Allgemeines zum Erasmusstudium

Ich habe im Februar 2008 erfahren, dass ich an der Linköping Universität angenommen wurde. Sobald der Brief von der Linköping Uni kommt, empfiehlt es sich sofort die Unterlagen für die Wohnung und Anmeldung abzuschicken. Gerade die Wohnungssituation war etwas angespannt in den ersten Monaten. Manche Freunde mussten öfter umziehen, da sie die Anmeldung zu spät abgegeben haben und somit keine Wohnung von der Uni vermittelt bekommen haben. Die Uni hat nur ein begrenztes Kontingent.

Wenn du dich über die Uni für eine Wohnung anmeldest, wirst du höchstwahrscheinlich in Ryd wohnen. Das ist ein Stadtteil, in dem hauptsächlich Studenten wohnen. Üblicherweise wohnt man auf einem Korridor mit 7 anderen Studenten und teilt sich die Küche. Wohnraum und das eigene Bad sind ca. 20 qm. Die Miete ist ca. 2670 SEK, was je nach Wechselkurs zwischen 255 und 285€ sein kann. Möchtest du nicht auf einem Korridor wohnen, kannst du dich selbst um ein Appartment (unmöbliert) bei Studentbostader kümmern. Überhaupt ist eine Anmeldung dort zu empfehlen, frühzeitig, damit du bei Wohnungsproblemen schon genug Punkte gesammelt hast. Für jeden Tag den man angemeldet ist, bekommt man einen Queuepunkt. Wer die meisten Punkte hat, hat Vorrecht bei der Wohnung. An sich ist es sehr schön in Ryd zu wohnen. Es ist alles, was ein Studentenherz begehrt, vor Ort vorhanden. Direkt in Ryd Centrum gibt es eine Apotheke, Supermarkt (Hemköp teuer), einen Studentenclub (HG Herrgården) und bis zur Uni sind es 5 min mit dem Rad. Meiner Meinung nach, geht in Linköping nichts ohne Fahrrad. Damit kannst du dann auch nach Tornby fahren, ein riesengroßes Einkaufscentrum mit IKEA, Willys, ICA und vielen anderen Shops und nicht zu vergessen einem Systembolaget. In diesem bekommst du Alkohol der über 3,5 % hat. Es gibt davon nur zwei in LKP. Einem im Zentrum und den anderen in Tornby. Mit dem Fahrrad sind es ca. 20 min, aber es lohnt sich da es dort viel billiger ist.

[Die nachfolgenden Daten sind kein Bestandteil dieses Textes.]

lemma N_car: "n \<in> N \<Longrightarrow> n \<in> carrier G" using N_sub by (meson subgroup.mem_carrier)

lemma N_mult: "x \<in> N \<Longrightarrow> y \<in> N \<Longrightarrow> x \<otimes>\<^bsub>G\<^esub> y \<in> N" using N_sub by (meson subgroup.m_closed)

lemma N_one: "\<one>\<^bsub>G\<^esub> \<in> N" using N_sub by (meson subgroup.one_closed)

lemma h_bij: "bij_betw h N (carrier A)" using h_iso by (simp add: iso_def)

lemma h_mult: "x \<in> N \<Longrightarrow> y \<in> N \<Longrightarrow> h (x \<otimes>\<^bsub>G\<^esub> y) = h x \<otimes>\<^bsub>A\<^esub> h y"
  using h_iso by (auto simp: iso_def hom_def)

lemma h_car: "x \<in> N \<Longrightarrow> h x \<in> carrier A" using h_bij by (meson bij_betwE)

definition hinv :: "'a \<Rightarrow> 'g" where "hinv = inv_into N h"

lemma hinv_N: "a \<in> carrier A \<Longrightarrow> hinv a \<in> N"
  unfolding hinv_def using h_bij by (meson bij_betwE bij_betw_inv_into)

lemma h_hinv: "a \<in> carrier A \<Longrightarrow> h (hinv a) = a"
  unfolding hinv_def using h_bij by (meson bij_betw_inv_into_right)

lemma hinv_h: "n \<in> N \<Longrightarrow> hinv (h n) = n"
  unfolding hinv_def using h_bij by (meson bij_betw_inv_into_left)

lemma hinv_car: "a \<in> carrier A \<Longrightarrow> hinv a \<in> carrier G" using hinv_N N_car by blast

lemma h_one: "h \<one>\<^bsub>G\<^esub> = \<one>\<^bsub>A\<^esub>"
proof -
  have "h \<one>\<^bsub>G\<^esub> \<otimes>\<^bsub>A\<^esub> h \<one>\<^bsub>G\<^esub> = h \<one>\<^bsub>G\<^esub> \<otimes>\<^bsub>A\<^esub> \<one>\<^bsub>A\<^esub>"
    using h_mult[OF N_one N_one] h_car[OF N_one] by simp
  then show ?thesis using h_car[OF N_one] by simp
qed

lemma hinv_one: "hinv \<one>\<^bsub>A\<^esub> = \<one>\<^bsub>G\<^esub>" using hinv_h[OF N_one] h_one by simp

lemma hinv_mult: "a \<in> carrier A \<Longrightarrow> b \<in> carrier A \<Longrightarrow> hinv (a \<otimes>\<^bsub>A\<^esub> b) = hinv a \<otimes>\<^bsub>G\<^esub> hinv b"
  using h_mult[OF hinv_N hinv_N, of a b] h_hinv hinv_h[OF N_mult[OF hinv_N hinv_N, of a b]] by simp

lemma hinv_inj: "a \<in> carrier A \<Longrightarrow> b \<in> carrier A \<Longrightarrow> hinv a = hinv b \<Longrightarrow> a = b"
  using h_hinv by metis

lemma th_car: "Q \<in> carrier (G Mod N) \<Longrightarrow> th Q \<in> carrier (BM I)"
  using th_iso by (auto simp: iso_def hom_def)

lemma th_bij: "bij_betw th (carrier (G Mod N)) (carrier (BM I))" using th_iso by (simp add: iso_def)

lemma coset_car: "g \<in> carrier G \<Longrightarrow> N #>\<^bsub>G\<^esub> g \<in> carrier (G Mod N)"
  by (simp add: carrier_FactGroup)

lemma th_mult:
  "Q1 \<in> carrier (G Mod N) \<Longrightarrow> Q2 \<in> carrier (G Mod N) \<Longrightarrow> th (Q1 <#>\<^bsub>G\<^esub> Q2) = th Q1 \<otimes>\<^bsub>BM I\<^esub> th Q2"
  using th_iso by (auto simp: iso_def hom_def FactGroup_def)

lemma coset_mult:
  "a \<in> carrier G \<Longrightarrow> b \<in> carrier G \<Longrightarrow>
     th (N #>\<^bsub>G\<^esub> (a \<otimes>\<^bsub>G\<^esub> b)) = th (N #>\<^bsub>G\<^esub> a) \<otimes>\<^bsub>BM I\<^esub> th (N #>\<^bsub>G\<^esub> b)"
  using th_mult[OF coset_car coset_car, of a b] N.rcos_sum by simp

lemma th_one: "th N = \<one>\<^bsub>BM I\<^esub>"
proof -
  interpret Q: group "G Mod N" by (rule N.factorgroup_is_group)
  have "th \<in> hom (G Mod N) (BM I)" using th_iso by (simp add: iso_def)
  then have "th \<one>\<^bsub>G Mod N\<^esub> = \<one>\<^bsub>BM I\<^esub>" using hom_one Q.group_axioms B_group by blast
  then show ?thesis by simp
qed

lemma th_coset_one: "th (N #>\<^bsub>G\<^esub> \<one>\<^bsub>G\<^esub>) = clsB I []"
  using th_one N_sub by (simp add: pres_one subgroup.subset)

lemma coset_absorb: "g \<in> carrier G \<Longrightarrow> n \<in> N \<Longrightarrow> th (N #>\<^bsub>G\<^esub> (g \<otimes>\<^bsub>G\<^esub> n)) = th (N #>\<^bsub>G\<^esub> g)"
proof -
  assume g: "g \<in> carrier G" and n: "n \<in> N"
  have "N #>\<^bsub>G\<^esub> n = N" using subgroup.rcos_const[OF N_sub G.group_axioms n] .
  then have "th (N #>\<^bsub>G\<^esub> n) = \<one>\<^bsub>BM I\<^esub>" using th_one by simp
  then show ?thesis using coset_mult[OF g N_car[OF n]] th_car[OF coset_car[OF g]] B.r_one by simp
qed

lemma coset_eq:
  assumes a: "a \<in> carrier G" and b: "b \<in> carrier G" and e: "th (N #>\<^bsub>G\<^esub> a) = th (N #>\<^bsub>G\<^esub> b)"
  shows "a \<otimes>\<^bsub>G\<^esub> inv\<^bsub>G\<^esub> b \<in> N"
proof -
  have "N #>\<^bsub>G\<^esub> a = N #>\<^bsub>G\<^esub> b" using e th_bij coset_car[OF a] coset_car[OF b]
    by (meson bij_betw_def inj_onD)
  then have "a \<in> N #>\<^bsub>G\<^esub> b" using G.rcos_self[OF a N_sub] by simp
  then show ?thesis using subgroup.rcos_module_imp[OF N_sub G.group_axioms b] by simp
qed

definition rep :: "'i \<Rightarrow> 'g" where
  "rep p = (SOME g. g \<in> carrier G \<and> th (N #>\<^bsub>G\<^esub> g) = clsB I [(p, True)])"

lemma rep: "p \<in> I \<Longrightarrow> rep p \<in> carrier G \<and> th (N #>\<^bsub>G\<^esub> rep p) = clsB I [(p, True)]"
proof -
  assume p: "p \<in> I"
  have "clsB I [(p, True)] \<in> carrier (BM I)" using p by (simp add: pres_carrier B_gens_def)
  then obtain Q where Q: "Q \<in> carrier (G Mod N)" "th Q = clsB I [(p, True)]"
    using th_bij by (metis bij_betw_def imageE)
  then obtain g where "g \<in> carrier G" "Q = N #>\<^bsub>G\<^esub> g" by (auto simp: carrier_FactGroup)
  then have "\<exists>g. g \<in> carrier G \<and> th (N #>\<^bsub>G\<^esub> g) = clsB I [(p, True)]" using Q by blast
  then show ?thesis unfolding rep_def by (rule someI_ex)
qed

definition lift :: "'i \<Rightarrow> bool \<Rightarrow> 'g" where
  "lift p e = (if e then rep p else inv\<^bsub>G\<^esub> (rep p))"

lemma lift_car: "p \<in> I \<Longrightarrow> lift p e \<in> carrier G"
  using rep by (simp add: lift_def)

lemma lift_not: "p \<in> I \<Longrightarrow> lift p (\<not> e) = inv\<^bsub>G\<^esub> (lift p e)"
  using rep by (simp add: lift_def)

lemma th_lift: "p \<in> I \<Longrightarrow> th (N #>\<^bsub>G\<^esub> lift p e) = clsB I [(p, e)]"
proof (cases e)
  case True
  assume p: "p \<in> I" then show ?thesis using True rep by (simp add: lift_def)
next
  case False
  assume p: "p \<in> I"
  have t: "rep p \<in> carrier G" "th (N #>\<^bsub>G\<^esub> rep p) = clsB I [(p, True)]" using rep[OF p] by auto
  have lp: "[(p, False)] \<in> lists (B_gens I)" "[(p, True)] \<in> lists (B_gens I)" using p by (auto simp: B_gens_def)
  have "th (N #>\<^bsub>G\<^esub> inv\<^bsub>G\<^esub> rep p) \<otimes>\<^bsub>BM I\<^esub> clsB I [(p, True)] = \<one>\<^bsub>BM I\<^esub>"
    using coset_mult[of "inv\<^bsub>G\<^esub> rep p" "rep p"] t th_coset_one by (simp add: pres_one)
  moreover have "clsB I [(p, False)] \<otimes>\<^bsub>BM I\<^esub> clsB I [(p, True)] = \<one>\<^bsub>BM I\<^esub>"
    using B_cancel[OF p, of False] lp by (simp add: pres_mult pres_one pres_class_eq_iff)
  moreover have "th (N #>\<^bsub>G\<^esub> inv\<^bsub>G\<^esub> rep p) \<in> carrier (BM I)" using th_car coset_car t by simp
  moreover have "clsB I [(p, b)] \<in> carrier (BM I)" for b using lp p by (simp add: pres_carrier B_gens_def)
  ultimately have "th (N #>\<^bsub>G\<^esub> inv\<^bsub>G\<^esub> rep p) = clsB I [(p, False)]"
    using B.right_cancel by metis
  then show ?thesis using False by (simp add: lift_def)
qed

definition psiG :: "'i \<Rightarrow> bool \<Rightarrow> 'a \<Rightarrow> 'a" where
  "psiG p e a = h (inv\<^bsub>G\<^esub> (lift p e) \<otimes>\<^bsub>G\<^esub> hinv a \<otimes>\<^bsub>G\<^esub> lift p e)"

definition commG :: "'i \<Rightarrow> bool \<Rightarrow> 'i \<Rightarrow> bool \<Rightarrow> 'g" where
  "commG p e q d = inv\<^bsub>G\<^esub> (lift q d \<otimes>\<^bsub>G\<^esub> lift p e) \<otimes>\<^bsub>G\<^esub> (lift p e \<otimes>\<^bsub>G\<^esub> lift q d)"

definition fG :: "'i \<Rightarrow> bool \<Rightarrow> 'i \<Rightarrow> bool \<Rightarrow> 'a" where
  "fG p e q d = h (commG p e q d)"

text \<open>Since B is abelian on these generators, the commutator lies in N.\<close>
lemma commG_N:
  assumes p: "p \<in> I" and q: "q \<in> I" and pq: "q < p"
  shows "commG p e q d \<in> N"
proof -
  have l: "lift p e \<in> carrier G" "lift q d \<in> carrier G" using lift_car p q by auto
  have lp: "[(p, e)] \<in> lists (B_gens I)" "[(q, d)] \<in> lists (B_gens I)" using p q by (auto simp: B_gens_def)
  have "clsB I [(p, e), (q, d)] = clsB I [(q, d), (p, e)]"
    using B_commute[OF p q pq, of e d] lp by (simp add: pres_class_eq_iff)
  then have "th (N #>\<^bsub>G\<^esub> (lift p e \<otimes>\<^bsub>G\<^esub> lift q d)) = th (N #>\<^bsub>G\<^esub> (lift q d \<otimes>\<^bsub>G\<^esub> lift p e))"
    using coset_mult l th_lift p q lp by (simp add: pres_mult)
  then have "(lift p e \<otimes>\<^bsub>G\<^esub> lift q d) \<otimes>\<^bsub>G\<^esub> inv\<^bsub>G\<^esub> (lift q d \<otimes>\<^bsub>G\<^esub> lift p e) \<in> N"
    using coset_eq l by simp
  then have "inv\<^bsub>G\<^esub> (lift q d \<otimes>\<^bsub>G\<^esub> lift p e) \<otimes>\<^bsub>G\<^esub>
      ((lift p e \<otimes>\<^bsub>G\<^esub> lift q d) \<otimes>\<^bsub>G\<^esub> inv\<^bsub>G\<^esub> (lift q d \<otimes>\<^bsub>G\<^esub> lift p e)) \<otimes>\<^bsub>G\<^esub> (lift q d \<otimes>\<^bsub>G\<^esub> lift p e) \<in> N"
    using N.inv_op_closed1 l by simp
  then show ?thesis unfolding commG_def using l by (simp add: G_simps)
qed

Wenn möglich solltest du dich schon kurz vor deiner Ankunft in LKP um ein Fahrrad bemühen, da am Anfang des Semesters aufgrund der riesigen Nachfrage Mondpreise verlangt werden. Die Studenten die LKP verlassen sind froh ihr Fahrrad verkaufen zu können, meistens liegen auch zwischen Abfahrt und Ankunft der neuen Studenten Wochen. Mit anderen Worten suchen in z.B. Studivz bei der alten und neuen Gruppe für Linköping oder an dem schwarzen Brett der Uni und schau dir die Angebote an (4-6 Wochen vorher). Meistens haben die Studenten die LKP verlassen die Möglichkeit ihre Schlüssel fürs Fahrrad bei Freunden zu hinterlegen. Die Preise vor Anreise wird ich mit 50€ für ein gutes gebrauchtes Rad einschätzen und wenn du vor Ort zu Semesterbeginn anfängst zu suchen min. 80€. Ganz wichtig immer Dunkelheit mit Vorder- und Rücklicht fahren, da dies von der Polizei kontrolliert und bestraft wird. Außerdem kann ich nur zwei Fahrradschlösser empfehlen, da aufgrund der Preise versucht wird, sich Fahrräder anders zu beschaffen. Viele meiner Freunde wurden die Fahrräder gestohlen. Das kannst du verhindern wenn du dein Fahrrad immer irgendwo an ein Geländer oder ähnliches anschließt. Abgesehen von den Fahrraddelikten habe ich mich in LKP sicher gefühlt.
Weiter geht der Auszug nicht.